WHAT IS NEEDED: Going through the data below, tally every line where the string "erule" occurs, then give only the tally.

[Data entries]
□ □ □ □ □ □ □

(* Let $G$ be a connected simple graph in which every vertex has odd degree, and let $m=|E(G)|$. Let $f_G$ and $\tilde f_G$ be the formulas defined below. If $m$ is even, then $f_G$ is satisfiable and $\tilde f_G$ is unsatisfiable; if $m$ is odd, then $f_G$ is unsatisfiable and $\tilde f_G$ is satisfiable.
   Context: Construction of $f_G$: for each edge $e=\{v,w\}$ of $G$ introduce two variables and literals $a^{v,w},b^{v,w}$ (literals on $v$'s side) with $a^{w,v}=\neg a^{v,w}$ and $b^{w,v}=\neg b^{v,w}$ (literals on $w$'s side). For each vertex $v$ with incident edges $\{v,w_1\},\dots,\{v,w_k\}$ ($k=d(v)$), write $a_i=a^{v,w_i}$, $b_i=b^{v,w_i}$ and add the clauses $(\bigvee_{i\in S}a_i)\vee(\bigvee_{i\in[k]\setminus S}b_i)$ for every $S\subseteq[k]$ with $|S|$ even, together with the clauses $a_i\vee b_i$ for $1\le i\le k$. The formula $f_G$ is the conjunction of all these clauses over all vertices. The twisted formula $\tilde f_G$ is obtained in the same way, except that for one arbitrarily chosen edge $\{v_0,w_0\}$ the negation pairing is twisted: $a^{v_0,w_0}=\neg b^{w_0,v_0}$ and $b^{v_0,w_0}=\neg a^{w_0,v_0}$ (all other edges as before). *)

theory Defs
  imports Main
begin

definition simple_graph :: "'a set \<Rightarrow> ('a \<Rightarrow> 'a \<Rightarrow> bool) \<Rightarrow> bool" where
  "simple_graph V E \<longleftrightarrow> finite V \<and> (\<forall>v w. E v w \<longrightarrow> v \<in> V \<and> w \<in> V \<and> E w v \<and> v \<noteq> w)"

definition connected_graph :: "'a set \<Rightarrow> ('a \<Rightarrow> 'a \<Rightarrow> bool) \<Rightarrow> bool" where
  "connected_graph V E \<longleftrightarrow> V \<noteq> {} \<and> (\<forall>u\<in>V. \<forall>w\<in>V. E\<^sup>*\<^sup>* u w)"

definition nbrs :: "'a set \<Rightarrow> ('a \<Rightarrow> 'a \<Rightarrow> bool) \<Rightarrow> 'a \<Rightarrow> 'a set" where
  "nbrs V E v = {w \<in> V. E v w}"

definition degree :: "'a set \<Rightarrow> ('a \<Rightarrow> 'a \<Rightarrow> bool) \<Rightarrow> 'a \<Rightarrow> nat" where
  "degree V E v = card (nbrs V E v)"

definition edges :: "'a set \<Rightarrow> ('a \<Rightarrow> 'a \<Rightarrow> bool) \<Rightarrow> 'a set set" where
  "edges V E = {{v, w} | v w. v \<in> V \<and> w \<in> V \<and> E v w}"

datatype 'v lit = Pos 'v | Neg 'v

fun lit_val :: "('v \<Rightarrow> bool) \<Rightarrow> 'v lit \<Rightarrow> bool" where
  "lit_val \<sigma> (Pos x) = \<sigma> x"
| "lit_val \<sigma> (Neg x) = (\<not> \<sigma> x)"

definition satisfiable :: "'v lit set set \<Rightarrow> bool" where
  "satisfiable F \<longleftrightarrow> (\<exists>\<sigma>. \<forall>C\<in>F. \<exists>l\<in>C. lit_val \<sigma> l)"

text \<open>Variables: for the edge {v,w} oriented as (v,w) (ori v w), the two variables are
  (v,w,True) (the "a" variable) and (v,w,False) (the "b" variable).
  Literal a^{v,w} is the positive variable on the owning side and its negation on the other side.\<close>

definition orientation :: "('a \<Rightarrow> 'a \<Rightarrow> bool) \<Rightarrow> ('a \<Rightarrow> 'a \<Rightarrow> bool) \<Rightarrow> bool" where
  "orientation E ori \<longleftrightarrow> (\<forall>v w. E v w \<longrightarrow> (ori v w \<longleftrightarrow> \<not> ori w v))"

definition alit :: "('a \<Rightarrow> 'a \<Rightarrow> bool) \<Rightarrow> 'a \<Rightarrow> 'a \<Rightarrow> ('a \<times> 'a \<times> bool) lit" where
  "alit ori v w = (if ori v w then Pos (v, w, True) else Neg (w, v, True))"

definition blit :: "('a \<Rightarrow> 'a \<Rightarrow> bool) \<Rightarrow> 'a \<Rightarrow> 'a \<Rightarrow> ('a \<times> 'a \<times> bool) lit" where
  "blit ori v w = (if ori v w then Pos (v, w, False) else Neg (w, v, False))"

text \<open>Twisted literals at edge {v0,w0}: a^{v,w} = \<not> b^{w,v}, b^{v,w} = \<not> a^{w,v}.\<close>

definition talit :: "('a \<Rightarrow> 'a \<Rightarrow> bool) \<Rightarrow> 'a \<Rightarrow> 'a \<Rightarrow> 'a \<Rightarrow> 'a \<Rightarrow> ('a \<times> 'a \<times> bool) lit" where
  "talit ori v0 w0 v w = (if {v, w} = {v0, w0}
      then (if ori v w then Pos (v, w, True) else Neg (w, v, False))
      else alit ori v w)"

definition tblit :: "('a \<Rightarrow> 'a \<Rightarrow> bool) \<Rightarrow> 'a \<Rightarrow> 'a \<Rightarrow> 'a \<Rightarrow> 'a \<Rightarrow> ('a \<times> 'a \<times> bool) lit" where
  "tblit ori v0 w0 v w = (if {v, w} = {v0, w0}
      then (if ori v w then Pos (v, w, False) else Neg (w, v, True))
      else blit ori v w)"

text \<open>The clauses of the formula, given the literal maps la v w = a^{v,w}, lb v w = b^{v,w}.
  Incident edges of v are indexed by its neighbours (equivalent to indexing by [k] in a simple graph).\<close>

definition vertex_clauses :: "'a set \<Rightarrow> ('a \<Rightarrow> 'a \<Rightarrow> bool) \<Rightarrow> ('a \<Rightarrow> 'a \<Rightarrow> 'l) \<Rightarrow> ('a \<Rightarrow> 'a \<Rightarrow> 'l)
    \<Rightarrow> 'a \<Rightarrow> 'l set set" where
  "vertex_clauses V E la lb v =
     {la v ` S \<union> lb v ` (nbrs V E v - S) | S. S \<subseteq> nbrs V E v \<and> even (card S)}
     \<union> {{la v w, lb v w} | w. w \<in> nbrs V E v}"

definition graph_formula :: "'a set \<Rightarrow> ('a \<Rightarrow> 'a \<Rightarrow> bool) \<Rightarrow> ('a \<Rightarrow> 'a \<Rightarrow> 'l) \<Rightarrow> ('a \<Rightarrow> 'a \<Rightarrow> 'l)
    \<Rightarrow> 'l set set" where
  "graph_formula V E la lb = (\<Union>v\<in>V. vertex_clauses V E la lb v)"

definition f_G :: "'a set \<Rightarrow> ('a \<Rightarrow> 'a \<Rightarrow> bool) \<Rightarrow> ('a \<Rightarrow> 'a \<Rightarrow> bool) \<Rightarrow> ('a \<times> 'a \<times> bool) lit set set" where
  "f_G V E ori = graph_formula V E (alit ori) (blit ori)"

definition twisted_f_G :: "'a set \<Rightarrow> ('a \<Rightarrow> 'a \<Rightarrow> bool) \<Rightarrow> ('a \<Rightarrow> 'a \<Rightarrow> bool) \<Rightarrow> 'a \<Rightarrow> 'a
    \<Rightarrow> ('a \<times> 'a \<times> bool) lit set set" where
  "twisted_f_G V E ori v0 w0 = graph_formula V E (talit ori v0 w0) (tblit ori v0 w0)"

end

theory Submission
  imports Defs
begin

text \<open>A satisfying assignment must give a^{v,w} and b^{v,w} opposite values, since the clause
  a or b at v reappears negated at w. Given that, the even-S clauses at v say precisely that an
  odd number of the a-literals at v are false. Summing over the vertices, whose number is even
  by the handshake lemma, the total number of false a-literals is even. In f_G every edge
  contributes exactly one false a-literal, m in total; in the twisted formula the twisted edge
  contributes 0 or 2 and the total is m - 1 or m + 1. Conversely, take any assignment with
  a \<noteq> b whose total has the right parity; the set T of vertices where it has the wrong
  parity then has even size, and flipping both literals along the edges of a T-join, which
  exists because G is connected, yields a satisfying assignment.\<close>

lemma odd_card_filter_xor:
  assumes "finite N"
  shows "odd (card {w\<in>N. P w \<noteq> Q w}) \<longleftrightarrow> odd (card {w\<in>N. P w}) \<noteq> odd (card {w\<in>N. Q w})"
proof -
  let ?A = "{w\<in>N. P w}" and ?B = "{w\<in>N. Q w}"
  have "card {w\<in>N. P w \<noteq> Q w} + card (?A \<inter> ?B) = card (?A \<union> ?B)"
    using assms by (subst card_Un_disjoint[symmetric]) (auto intro: arg_cong[where f = card])
  moreover have "card (?A \<union> ?B) + card (?A \<inter> ?B) = card ?A + card ?B"
    using assms by (intro card_Un_Int[symmetric]) auto
  ultimately show ?thesis by presburger
qed

lemma finite_nbrs: "simple_graph V E \<Longrightarrow> finite (nbrs V E v)"
  unfolding simple_graph_def nbrs_def by auto

lemma finite_edges: "simple_graph V E \<Longrightarrow> finite (edges V E)"
  unfolding simple_graph_def edges_def
  by (rule finite_subset[of _ "Pow V"]) auto

lemma sum_card_nbrs_eq_sum_edges:
  assumes "simple_graph V E"
  shows "(\<Sum>v\<in>V. card {w\<in>nbrs V E v. g v w})
       = (\<Sum>e\<in>edges V E. card {(v, w). E v w \<and> g v w \<and> {v, w} = e})"
proof -
  let ?arcs = "{(v, w). E v w \<and> g v w}"
  have fin_V: "finite V" using assms unfolding simple_graph_def by simp
  have "?arcs = (SIGMA v:V. {w\<in>nbrs V E v. g v w})"
    using assms unfolding simple_graph_def nbrs_def by auto
  then have "(\<Sum>v\<in>V. card {w\<in>nbrs V E v. g v w}) = card ?arcs"
    using fin_V finite_nbrs[OF assms] by simp
  also have "\<dots> = (\<Sum>e\<in>edges V E. card {p\<in>?arcs. (\<lambda>(v, w). {v, w}) p = e})"
    unfolding card_eq_sum
  proof (rule sum.group[symmetric])
    show "finite ?arcs"
      using assms unfolding simple_graph_def by (auto intro: finite_subset[of _ "V \<times> V"])
    show "(\<lambda>(v, w). {v, w}) ` ?arcs \<subseteq> edges V E"
      using assms unfolding simple_graph_def edges_def by auto
  qed (rule finite_edges[OF assms])
  also have "\<dots> = (\<Sum>e\<in>edges V E. card {(v, w). E v w \<and> g v w \<and> {v, w} = e})"
    by (intro sum.cong refl arg_cong[where f = card]) auto
  finally show ?thesis .
qed

lemma card_arcs_of_edge:
  assumes "simple_graph V E" and "E v w"
  shows "card {(x, y). E x y \<and> g x y \<and> {x, y} = {v, w}} = of_bool (g v w) + of_bool (g w v)"
proof -
  have "v \<noteq> w" "E w v" using assms unfolding simple_graph_def by auto
  then have "{(x, y). E x y \<and> g x y \<and> {x, y} = {v, w}}
           = (if g v w then {(v, w)} else {}) \<union> (if g w v then {(w, v)} else {})"
    using assms(2) by (auto simp: doubleton_eq_iff)
  then show ?thesis using \<open>v \<noteq> w\<close> by simp
qed

lemma edgeE:
  assumes "e \<in> edges V E"
  obtains v w where "e = {v, w}" and "E v w"
  using assms unfolding edges_def by blast

lemma sum_degree_eq_twice_card_edges:
  assumes "simple_graph V E"
  shows "(\<Sum>v\<in>V. degree V E v) = 2 * card (edges V E)"
proof -
  have "(\<Sum>v\<in>V. degree V E v) = (\<Sum>e\<in>edges V E. card {(v, w). E v w \<and> True \<and> {v, w} = e})"
    unfolding degree_def using sum_card_nbrs_eq_sum_edges[OF assms, of "\<lambda>_ _. True"] by simp
  also have "\<dots> = (\<Sum>e\<in>edges V E. 2)"
  proof (rule sum.cong[OF refl], erule edgeE)
    fix e v w assume "e = {v, w}" and "E v w"
    then show "card {(x, y). E x y \<and> True \<and> {x, y} = e} = 2"
      using card_arcs_of_edge[OF assms \<open>E v w\<close>, of "\<lambda>_ _. True"] by simp
  qed
  finally show ?thesis by simp
qed

lemma even_sum_iff_even_card:
  fixes f :: "'a \<Rightarrow> 'b::semiring_parity"
  assumes "finite A" and "\<forall>a\<in>A. odd (f a)"
  shows "even (sum f A) \<longleftrightarrow> even (card A)"
proof -
  have "{a\<in>A. odd (f a)} = A" using assms(2) by auto
  then show ?thesis using even_sum_iff[OF assms(1), of f] by simp
qed

lemma even_card_if_odd_degrees:
  assumes "simple_graph V E" and "\<forall>v\<in>V. odd (degree V E v)"
  shows "even (card V)"
proof -
  have "finite V" using assms(1) unfolding simple_graph_def by simp
  then show ?thesis
    using even_sum_iff_even_card[of V "degree V E"] assms(2) sum_degree_eq_twice_card_edges[OF assms(1)]
    by simp
qed

lemma sum_card_nbrs_antisym:
  assumes "simple_graph V E" and "\<And>v w. E v w \<Longrightarrow> g w v \<longleftrightarrow> \<not> g v w"
  shows "(\<Sum>v\<in>V. card {w\<in>nbrs V E v. g v w}) = card (edges V E)"
proof -
  have "(\<Sum>v\<in>V. card {w\<in>nbrs V E v. g v w}) = (\<Sum>e\<in>edges V E. 1)"
    unfolding sum_card_nbrs_eq_sum_edges[OF assms(1)]
    by (rule sum.cong[OF refl], erule edgeE) (simp add: card_arcs_of_edge[OF assms(1)] assms(2))
  then show ?thesis by simp
qed

lemma sum_card_nbrs_antisym_except:
  assumes "simple_graph V E" and "E v0 w0"
    and "\<And>v w. E v w \<Longrightarrow> {v, w} \<noteq> {v0, w0} \<Longrightarrow> g w v \<longleftrightarrow> \<not> g v w"
  shows "(\<Sum>v\<in>V. card {w\<in>nbrs V E v. g v w}) + 1
       = of_bool (g v0 w0) + of_bool (g w0 v0) + card (edges V E)"
proof -
  let ?e0 = "{v0, w0}"
  have e0: "?e0 \<in> edges V E"
    using assms(1,2) unfolding simple_graph_def edges_def by blast
  have "(\<Sum>v\<in>V. card {w\<in>nbrs V E v. g v w})
      = card {(v, w). E v w \<and> g v w \<and> {v, w} = ?e0}
        + (\<Sum>e\<in>edges V E - {?e0}. card {(v, w). E v w \<and> g v w \<and> {v, w} = e})"
    unfolding sum_card_nbrs_eq_sum_edges[OF assms(1)]
    using finite_edges[OF assms(1)] e0 by (rule sum.remove)
  also have "(\<Sum>e\<in>edges V E - {?e0}. card {(v, w). E v w \<and> g v w \<and> {v, w} = e})
           = (\<Sum>e\<in>edges V E - {?e0}. 1)"
    by (rule sum.cong[OF refl], elim DiffE edgeE)
      (simp add: card_arcs_of_edge[OF assms(1)] assms(3))
  finally have "(\<Sum>v\<in>V. card {w\<in>nbrs V E v. g v w})
      = of_bool (g v0 w0) + of_bool (g w0 v0) + (card (edges V E) - 1)"
    using e0 by (simp add: card_arcs_of_edge[OF assms(1,2)])
  moreover have "card (edges V E) \<noteq> 0"
    using e0 finite_edges[OF assms(1)] by auto
  ultimately show ?thesis by simp
qed

text \<open>\<open>is_join V E F P\<close>: the symmetric relation F, read as a set of edges, is a T-join for
  \<open>T = {v. P v}\<close>.\<close>

definition is_join ::
    "'a set \<Rightarrow> ('a \<Rightarrow> 'a \<Rightarrow> bool) \<Rightarrow> ('a \<Rightarrow> 'a \<Rightarrow> bool) \<Rightarrow> ('a \<Rightarrow> bool) \<Rightarrow> bool" where
  "is_join V E F P \<longleftrightarrow> symp F \<and> (\<forall>v\<in>V. odd (card {w\<in>nbrs V E v. F v w}) \<longleftrightarrow> P v)"

lemma is_join_empty: "is_join V E (\<lambda>_ _. False) (\<lambda>_. False)"
  by (simp add: is_join_def symp_def)

lemma is_join_cong: "is_join V E F P \<Longrightarrow> (\<And>v. v \<in> V \<Longrightarrow> P v \<longleftrightarrow> Q v) \<Longrightarrow> is_join V E F Q"
  by (simp add: is_join_def)

lemma is_join_xor:
  assumes "simple_graph V E" and "is_join V E F P" and "is_join V E G Q"
  shows "is_join V E (\<lambda>x y. F x y \<noteq> G x y) (\<lambda>v. P v \<noteq> Q v)"
  using assms odd_card_filter_xor[OF finite_nbrs[OF assms(1)]]
  unfolding is_join_def symp_def by blast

□ □ □ □ □ □ □

TASK SOLUTION: 2